Data for analysis:
(* Let $\mathcal Q_1,\dots,\mathcal Q_l\subseteq V$ be linear subspaces. The following are equivalent: (1) the sequence of ideals $(\mathcal Q_1),\dots,(\mathcal Q_l)$ of $S=K[V]$ is linearly joined; (2) for all $i=1,\dots,l$ there exist linear subspaces $\mathcal D_i,\mathcal P_i\subseteq V$, with $\mathcal D_l=0$ and $\mathcal P_1=0$, such that (a) $\mathcal Q_i=\mathcal D_i\oplus\mathcal P_i$; (b) $\mathcal D_1\supseteq\mathcal D_2\supseteq\dots\supseteq\mathcal D_l$; (c) $\bigcap_{j=1}^{k-1}(\mathcal Q_j)\subseteq(\mathcal P_k,\mathcal D_{k-1})$ for all $k=2,\dots,l$.
   Context: $K$ is a field, $V$ a $K$-vector space of dimension $r+1$, $S=K[V]$ the polynomial ring, $\mathbb P^r$ the associated projective space. For $Q\subseteq V$, $(Q)$ is the ideal of $S$ generated by $Q$; $(\mathcal P,\mathcal D)$ is the ideal generated by $\mathcal P\cup\mathcal D$. The ideal $(\mathcal Q_i)$ defines a linear subspace $\mathcal L_i\subseteq\mathbb P^r$. A sequence $\mathcal L_1,\dots,\mathcal L_l$ of (irreducible) projective subvarieties is linearly joined if for every $i=1,\dots,l-1$, $\mathcal L_{i+1}\cap(\mathcal L_1\cup\dots\cup\mathcal L_i)=\mathrm{span}(\mathcal L_{i+1})\cap\mathrm{span}(\mathcal L_1\cup\dots\cup\mathcal L_i)$, where $\mathrm{span}$ is the smallest linear subspace containing the set; the sequence of ideals is called linearly joined if the sequence of varieties they define is. *)

theory Defs
  imports "HOL-Analysis.Analysis" "HOL-Library.Poly_Mapping" "HOL-Algebra.Algebraic_Closure_Type"
begin

(* V = K^(r+1) (coordinates of linear forms w.r.t. a basis x_i, i ranging over the
  finite type 'n, so r+1 = CARD('n)); S = K[V] = K[x_i | i :: 'n] is modelled by
  ('n \<Rightarrow>\<^sub>0 nat) \<Rightarrow>\<^sub>0 'k (monomial exponents to coefficients).*)

type_synonym ('k, 'n) mpoly = "('n \<Rightarrow>\<^sub>0 nat) \<Rightarrow>\<^sub>0 'k"

definition lin_form :: "'k::field ^ 'n::finite \<Rightarrow> ('k, 'n) mpoly" where
  "lin_form c = (\<Sum>i\<in>UNIV. Poly_Mapping.single (Poly_Mapping.single i 1) (c $ i))"

definition gen_ideal :: "'a::comm_ring_1 set \<Rightarrow> 'a set" where
  "gen_ideal G = {p. \<exists>F a. finite F \<and> F \<subseteq> G \<and> p = (\<Sum>g\<in>F. a g * g)}"

definition lin_ideal :: "('k::field ^ 'n::finite) set \<Rightarrow> ('k, 'n) mpoly set" where
  "lin_ideal Q = gen_ideal (lin_form ` Q)"

(* Zero locus of a set of linear forms, as an affine cone over the algebraic closure of K
  (the points of the projective variety are the nonzero points of this cone up to scaling;
  the linear-joinedness condition is insensitive to this passage to cones).*)
definition zero_locus :: "('k::field ^ 'n::finite) set \<Rightarrow> ('k alg_closure ^ 'n) set" where
  "zero_locus Q = {x. \<forall>c\<in>Q. (\<Sum>i\<in>UNIV. to_ac (c $ i) * x $ i) = 0}"

definition linearly_joined :: "(nat \<Rightarrow> ('a::field ^ 'n::finite) set) \<Rightarrow> nat \<Rightarrow> bool" where
  "linearly_joined L l \<longleftrightarrow>
     (\<forall>i\<in>{1..<l}. L (i+1) \<inter> (\<Union>j\<in>{1..i}. L j) =
                     vec.span (L (i+1)) \<inter> vec.span (\<Union>j\<in>{1..i}. L j))"

definition ideals_linearly_joined :: "(nat \<Rightarrow> ('k::field ^ 'n::finite) set) \<Rightarrow> nat \<Rightarrow> bool" where
  "ideals_linearly_joined Q l \<longleftrightarrow> linearly_joined (\<lambda>i. zero_locus (Q i)) l"

definition direct_sum_eq :: "('k::field ^ 'n::finite) set \<Rightarrow> ('k ^ 'n) set \<Rightarrow> ('k ^ 'n) set \<Rightarrow> bool" where
  "direct_sum_eq Q D P \<longleftrightarrow> Q = {d + p | d p. d \<in> D \<and> p \<in> P} \<and> D \<inter> P = {0}"

end

theory Submission
  imports Defs
begin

What is needed: Your reply must consist of one number, the count of lines in the entries that hold "over".

Result for this exercise: 2